What the task asks: Which lines of the listing below contain the word "zeta"? Return them.
Information given START
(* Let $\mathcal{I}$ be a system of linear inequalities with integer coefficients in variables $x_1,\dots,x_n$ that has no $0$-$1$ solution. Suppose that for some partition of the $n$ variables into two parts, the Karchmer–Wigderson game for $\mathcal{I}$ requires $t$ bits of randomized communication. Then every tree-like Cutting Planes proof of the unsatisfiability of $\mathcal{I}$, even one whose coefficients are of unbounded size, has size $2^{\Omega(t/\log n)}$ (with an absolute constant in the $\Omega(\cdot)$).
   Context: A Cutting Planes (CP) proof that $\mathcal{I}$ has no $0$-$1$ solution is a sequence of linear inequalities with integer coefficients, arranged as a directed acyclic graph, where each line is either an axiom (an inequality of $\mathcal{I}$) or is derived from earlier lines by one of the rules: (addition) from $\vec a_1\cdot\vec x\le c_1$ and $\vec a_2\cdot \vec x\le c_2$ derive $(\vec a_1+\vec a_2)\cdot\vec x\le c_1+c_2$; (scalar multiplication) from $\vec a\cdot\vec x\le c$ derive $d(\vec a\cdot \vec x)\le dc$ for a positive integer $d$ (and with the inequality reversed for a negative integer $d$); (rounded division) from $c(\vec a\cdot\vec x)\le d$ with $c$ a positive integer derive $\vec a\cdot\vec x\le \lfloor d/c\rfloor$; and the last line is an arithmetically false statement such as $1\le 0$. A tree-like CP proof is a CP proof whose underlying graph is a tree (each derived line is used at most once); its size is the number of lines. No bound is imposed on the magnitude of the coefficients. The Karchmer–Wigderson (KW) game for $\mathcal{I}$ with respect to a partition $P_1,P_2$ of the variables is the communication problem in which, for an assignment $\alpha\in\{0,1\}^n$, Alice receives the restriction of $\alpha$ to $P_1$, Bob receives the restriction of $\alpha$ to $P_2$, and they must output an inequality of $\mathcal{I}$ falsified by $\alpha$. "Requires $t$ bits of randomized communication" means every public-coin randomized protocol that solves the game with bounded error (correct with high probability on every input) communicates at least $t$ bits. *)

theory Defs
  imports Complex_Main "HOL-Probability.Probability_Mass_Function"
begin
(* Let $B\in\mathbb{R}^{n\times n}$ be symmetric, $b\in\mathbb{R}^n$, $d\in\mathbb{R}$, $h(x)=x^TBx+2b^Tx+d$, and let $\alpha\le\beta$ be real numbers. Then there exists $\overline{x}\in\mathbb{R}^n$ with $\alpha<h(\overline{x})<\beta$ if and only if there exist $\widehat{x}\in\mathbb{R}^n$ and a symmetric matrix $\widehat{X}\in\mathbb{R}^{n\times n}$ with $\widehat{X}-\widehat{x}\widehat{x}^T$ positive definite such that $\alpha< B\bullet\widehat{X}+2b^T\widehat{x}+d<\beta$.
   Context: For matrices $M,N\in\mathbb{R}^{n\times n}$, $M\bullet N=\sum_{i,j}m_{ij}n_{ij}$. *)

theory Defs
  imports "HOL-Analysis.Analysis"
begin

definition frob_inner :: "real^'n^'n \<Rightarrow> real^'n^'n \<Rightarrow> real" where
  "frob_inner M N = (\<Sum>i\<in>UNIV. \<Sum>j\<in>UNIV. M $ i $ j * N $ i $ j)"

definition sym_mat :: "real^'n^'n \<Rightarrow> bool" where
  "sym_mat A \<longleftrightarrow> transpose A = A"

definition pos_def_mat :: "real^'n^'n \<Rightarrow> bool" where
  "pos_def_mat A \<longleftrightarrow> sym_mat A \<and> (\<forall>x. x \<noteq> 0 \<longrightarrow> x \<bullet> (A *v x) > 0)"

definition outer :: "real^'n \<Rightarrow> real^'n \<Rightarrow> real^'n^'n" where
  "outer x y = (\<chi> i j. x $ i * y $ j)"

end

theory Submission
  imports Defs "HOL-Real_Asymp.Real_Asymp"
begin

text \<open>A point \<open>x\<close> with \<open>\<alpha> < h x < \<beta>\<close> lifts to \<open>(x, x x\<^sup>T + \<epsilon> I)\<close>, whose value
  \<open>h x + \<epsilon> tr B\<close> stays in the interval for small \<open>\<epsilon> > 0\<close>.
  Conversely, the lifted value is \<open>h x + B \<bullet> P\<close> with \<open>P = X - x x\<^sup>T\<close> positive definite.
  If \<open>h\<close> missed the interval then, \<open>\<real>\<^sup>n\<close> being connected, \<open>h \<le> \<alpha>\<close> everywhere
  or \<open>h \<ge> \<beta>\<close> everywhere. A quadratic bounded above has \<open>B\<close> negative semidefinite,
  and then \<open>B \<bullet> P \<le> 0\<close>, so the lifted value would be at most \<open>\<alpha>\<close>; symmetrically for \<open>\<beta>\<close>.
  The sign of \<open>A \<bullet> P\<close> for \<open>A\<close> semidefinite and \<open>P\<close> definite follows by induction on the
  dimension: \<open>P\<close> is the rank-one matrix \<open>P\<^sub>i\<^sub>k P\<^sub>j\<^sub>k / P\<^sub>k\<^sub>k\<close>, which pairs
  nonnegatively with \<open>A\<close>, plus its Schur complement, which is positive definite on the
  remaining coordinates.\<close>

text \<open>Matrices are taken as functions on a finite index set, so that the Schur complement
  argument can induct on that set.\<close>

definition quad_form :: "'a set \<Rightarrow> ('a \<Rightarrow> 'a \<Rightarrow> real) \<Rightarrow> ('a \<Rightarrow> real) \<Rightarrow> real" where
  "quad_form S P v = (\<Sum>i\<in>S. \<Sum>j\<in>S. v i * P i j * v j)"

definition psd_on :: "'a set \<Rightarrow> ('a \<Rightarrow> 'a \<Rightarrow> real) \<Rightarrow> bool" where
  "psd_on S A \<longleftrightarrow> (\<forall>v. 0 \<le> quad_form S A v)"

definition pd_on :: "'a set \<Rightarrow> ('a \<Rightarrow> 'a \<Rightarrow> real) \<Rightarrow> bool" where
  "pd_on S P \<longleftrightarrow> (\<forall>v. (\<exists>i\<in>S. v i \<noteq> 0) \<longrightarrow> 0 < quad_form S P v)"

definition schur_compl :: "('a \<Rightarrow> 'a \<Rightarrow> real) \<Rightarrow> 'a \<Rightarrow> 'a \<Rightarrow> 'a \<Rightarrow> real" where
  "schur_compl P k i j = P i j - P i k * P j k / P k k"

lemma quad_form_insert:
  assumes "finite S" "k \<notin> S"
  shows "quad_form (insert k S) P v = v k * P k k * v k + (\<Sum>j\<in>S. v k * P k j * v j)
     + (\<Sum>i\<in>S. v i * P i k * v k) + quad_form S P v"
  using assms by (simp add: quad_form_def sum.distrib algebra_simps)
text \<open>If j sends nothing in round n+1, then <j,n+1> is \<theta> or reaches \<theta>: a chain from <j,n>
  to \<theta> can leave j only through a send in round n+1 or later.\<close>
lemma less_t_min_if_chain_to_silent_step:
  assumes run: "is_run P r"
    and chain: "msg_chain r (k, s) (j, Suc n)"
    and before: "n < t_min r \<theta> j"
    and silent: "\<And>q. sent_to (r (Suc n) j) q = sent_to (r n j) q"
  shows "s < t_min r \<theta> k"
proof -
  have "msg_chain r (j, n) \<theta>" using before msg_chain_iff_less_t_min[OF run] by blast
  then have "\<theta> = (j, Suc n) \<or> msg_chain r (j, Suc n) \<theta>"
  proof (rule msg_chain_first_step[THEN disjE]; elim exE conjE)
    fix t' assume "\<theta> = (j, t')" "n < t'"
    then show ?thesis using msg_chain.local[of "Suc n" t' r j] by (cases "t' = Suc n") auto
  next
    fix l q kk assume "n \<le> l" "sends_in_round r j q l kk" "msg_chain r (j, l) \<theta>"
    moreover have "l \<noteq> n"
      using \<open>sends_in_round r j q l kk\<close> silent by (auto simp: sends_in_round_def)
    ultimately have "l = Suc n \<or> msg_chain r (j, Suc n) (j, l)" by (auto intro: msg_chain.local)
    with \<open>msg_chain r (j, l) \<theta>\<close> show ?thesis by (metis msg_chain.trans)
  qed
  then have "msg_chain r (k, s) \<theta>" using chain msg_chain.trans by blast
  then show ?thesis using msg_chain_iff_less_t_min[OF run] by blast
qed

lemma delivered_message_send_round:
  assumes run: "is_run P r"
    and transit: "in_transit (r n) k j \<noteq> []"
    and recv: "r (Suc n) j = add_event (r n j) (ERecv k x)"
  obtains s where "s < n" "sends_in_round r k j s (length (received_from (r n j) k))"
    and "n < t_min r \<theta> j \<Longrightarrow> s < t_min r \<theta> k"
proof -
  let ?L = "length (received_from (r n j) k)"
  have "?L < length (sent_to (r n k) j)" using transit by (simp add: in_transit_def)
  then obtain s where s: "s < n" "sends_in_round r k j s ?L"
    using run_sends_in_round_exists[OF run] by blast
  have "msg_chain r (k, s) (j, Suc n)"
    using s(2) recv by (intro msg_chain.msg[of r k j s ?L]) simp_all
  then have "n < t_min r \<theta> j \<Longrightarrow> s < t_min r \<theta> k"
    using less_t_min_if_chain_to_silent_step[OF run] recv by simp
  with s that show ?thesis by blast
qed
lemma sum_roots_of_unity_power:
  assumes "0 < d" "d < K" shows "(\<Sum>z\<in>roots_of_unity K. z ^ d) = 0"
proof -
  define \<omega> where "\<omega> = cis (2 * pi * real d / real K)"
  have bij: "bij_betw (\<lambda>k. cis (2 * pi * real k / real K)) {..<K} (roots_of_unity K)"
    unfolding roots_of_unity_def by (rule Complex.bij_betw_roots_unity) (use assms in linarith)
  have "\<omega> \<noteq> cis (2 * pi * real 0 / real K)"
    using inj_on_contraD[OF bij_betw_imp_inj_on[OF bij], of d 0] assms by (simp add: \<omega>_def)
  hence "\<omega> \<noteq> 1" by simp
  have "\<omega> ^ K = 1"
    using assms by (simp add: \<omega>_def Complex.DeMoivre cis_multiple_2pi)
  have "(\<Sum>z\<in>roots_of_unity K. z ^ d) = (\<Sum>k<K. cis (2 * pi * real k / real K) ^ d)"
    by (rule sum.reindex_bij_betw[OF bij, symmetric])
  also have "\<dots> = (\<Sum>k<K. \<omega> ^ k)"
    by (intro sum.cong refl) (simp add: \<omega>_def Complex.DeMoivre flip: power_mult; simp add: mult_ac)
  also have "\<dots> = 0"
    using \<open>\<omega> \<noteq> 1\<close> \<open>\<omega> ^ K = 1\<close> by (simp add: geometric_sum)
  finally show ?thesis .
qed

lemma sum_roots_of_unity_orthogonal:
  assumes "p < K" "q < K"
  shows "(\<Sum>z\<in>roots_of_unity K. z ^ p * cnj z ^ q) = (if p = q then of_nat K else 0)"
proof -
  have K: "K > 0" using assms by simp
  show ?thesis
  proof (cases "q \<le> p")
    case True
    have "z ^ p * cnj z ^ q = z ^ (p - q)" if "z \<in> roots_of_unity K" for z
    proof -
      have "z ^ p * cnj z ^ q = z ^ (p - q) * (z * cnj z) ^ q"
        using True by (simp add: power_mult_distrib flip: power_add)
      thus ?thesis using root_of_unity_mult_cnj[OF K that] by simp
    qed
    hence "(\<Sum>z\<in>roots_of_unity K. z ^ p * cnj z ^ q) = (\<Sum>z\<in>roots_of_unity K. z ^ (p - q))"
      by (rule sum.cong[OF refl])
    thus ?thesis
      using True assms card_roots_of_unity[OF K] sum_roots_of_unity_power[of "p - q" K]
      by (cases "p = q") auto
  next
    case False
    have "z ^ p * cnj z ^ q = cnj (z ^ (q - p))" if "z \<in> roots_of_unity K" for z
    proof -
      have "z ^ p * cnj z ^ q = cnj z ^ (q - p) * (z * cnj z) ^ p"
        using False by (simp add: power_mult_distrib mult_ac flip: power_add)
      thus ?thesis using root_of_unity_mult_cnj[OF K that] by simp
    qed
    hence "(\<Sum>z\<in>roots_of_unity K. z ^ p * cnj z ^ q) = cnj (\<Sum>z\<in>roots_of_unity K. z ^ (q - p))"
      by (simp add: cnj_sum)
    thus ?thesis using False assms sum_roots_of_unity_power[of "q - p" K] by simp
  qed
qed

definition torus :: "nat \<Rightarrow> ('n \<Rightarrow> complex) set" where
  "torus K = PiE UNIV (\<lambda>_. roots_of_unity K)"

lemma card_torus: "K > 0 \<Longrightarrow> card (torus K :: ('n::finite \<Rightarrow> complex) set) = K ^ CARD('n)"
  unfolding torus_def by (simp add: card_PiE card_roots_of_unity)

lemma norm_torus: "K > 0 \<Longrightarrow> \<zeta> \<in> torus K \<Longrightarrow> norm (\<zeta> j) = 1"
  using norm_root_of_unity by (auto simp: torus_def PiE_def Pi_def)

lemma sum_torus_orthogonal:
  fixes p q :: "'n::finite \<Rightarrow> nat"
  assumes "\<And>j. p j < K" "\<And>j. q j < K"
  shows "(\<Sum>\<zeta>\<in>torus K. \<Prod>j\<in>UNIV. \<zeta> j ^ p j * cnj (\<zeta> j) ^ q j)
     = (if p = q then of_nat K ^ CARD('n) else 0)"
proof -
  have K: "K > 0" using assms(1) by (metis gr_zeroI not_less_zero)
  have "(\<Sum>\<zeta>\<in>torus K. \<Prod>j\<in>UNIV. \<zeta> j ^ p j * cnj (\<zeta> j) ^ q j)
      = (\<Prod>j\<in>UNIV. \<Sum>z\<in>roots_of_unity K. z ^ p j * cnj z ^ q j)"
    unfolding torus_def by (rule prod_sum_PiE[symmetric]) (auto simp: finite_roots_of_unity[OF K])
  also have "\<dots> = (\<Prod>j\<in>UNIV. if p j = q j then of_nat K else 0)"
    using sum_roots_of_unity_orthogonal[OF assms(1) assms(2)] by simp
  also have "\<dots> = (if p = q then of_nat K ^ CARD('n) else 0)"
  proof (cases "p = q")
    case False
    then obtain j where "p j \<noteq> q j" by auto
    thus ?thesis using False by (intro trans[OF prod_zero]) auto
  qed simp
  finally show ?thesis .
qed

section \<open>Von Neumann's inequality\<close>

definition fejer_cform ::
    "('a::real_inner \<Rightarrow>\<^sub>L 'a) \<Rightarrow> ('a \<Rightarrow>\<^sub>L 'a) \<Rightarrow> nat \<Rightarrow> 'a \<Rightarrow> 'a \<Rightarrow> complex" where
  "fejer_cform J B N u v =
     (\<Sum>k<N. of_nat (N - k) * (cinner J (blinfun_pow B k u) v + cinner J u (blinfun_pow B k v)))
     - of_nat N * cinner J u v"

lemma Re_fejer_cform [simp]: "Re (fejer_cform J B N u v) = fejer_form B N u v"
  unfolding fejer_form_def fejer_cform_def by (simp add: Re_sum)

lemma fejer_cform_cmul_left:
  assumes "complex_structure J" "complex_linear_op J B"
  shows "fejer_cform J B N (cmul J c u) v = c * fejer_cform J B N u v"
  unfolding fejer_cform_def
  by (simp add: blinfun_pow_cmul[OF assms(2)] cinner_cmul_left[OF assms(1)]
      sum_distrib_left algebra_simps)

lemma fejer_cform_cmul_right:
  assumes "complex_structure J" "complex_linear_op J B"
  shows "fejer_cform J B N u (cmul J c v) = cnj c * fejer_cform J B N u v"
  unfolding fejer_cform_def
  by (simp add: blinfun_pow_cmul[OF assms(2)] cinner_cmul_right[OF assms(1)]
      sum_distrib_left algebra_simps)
Information given END
Result below:
lemma norm_torus: "K > 0 \<Longrightarrow> \<zeta> \<in> torus K \<Longrightarrow> norm (\<zeta> j) = 1"
  shows "(\<Sum>\<zeta>\<in>torus K. \<Prod>j\<in>UNIV. \<zeta> j ^ p j * cnj (\<zeta> j) ^ q j)
  have "(\<Sum>\<zeta>\<in>torus K. \<Prod>j\<in>UNIV. \<zeta> j ^ p j * cnj (\<zeta> j) ^ q j)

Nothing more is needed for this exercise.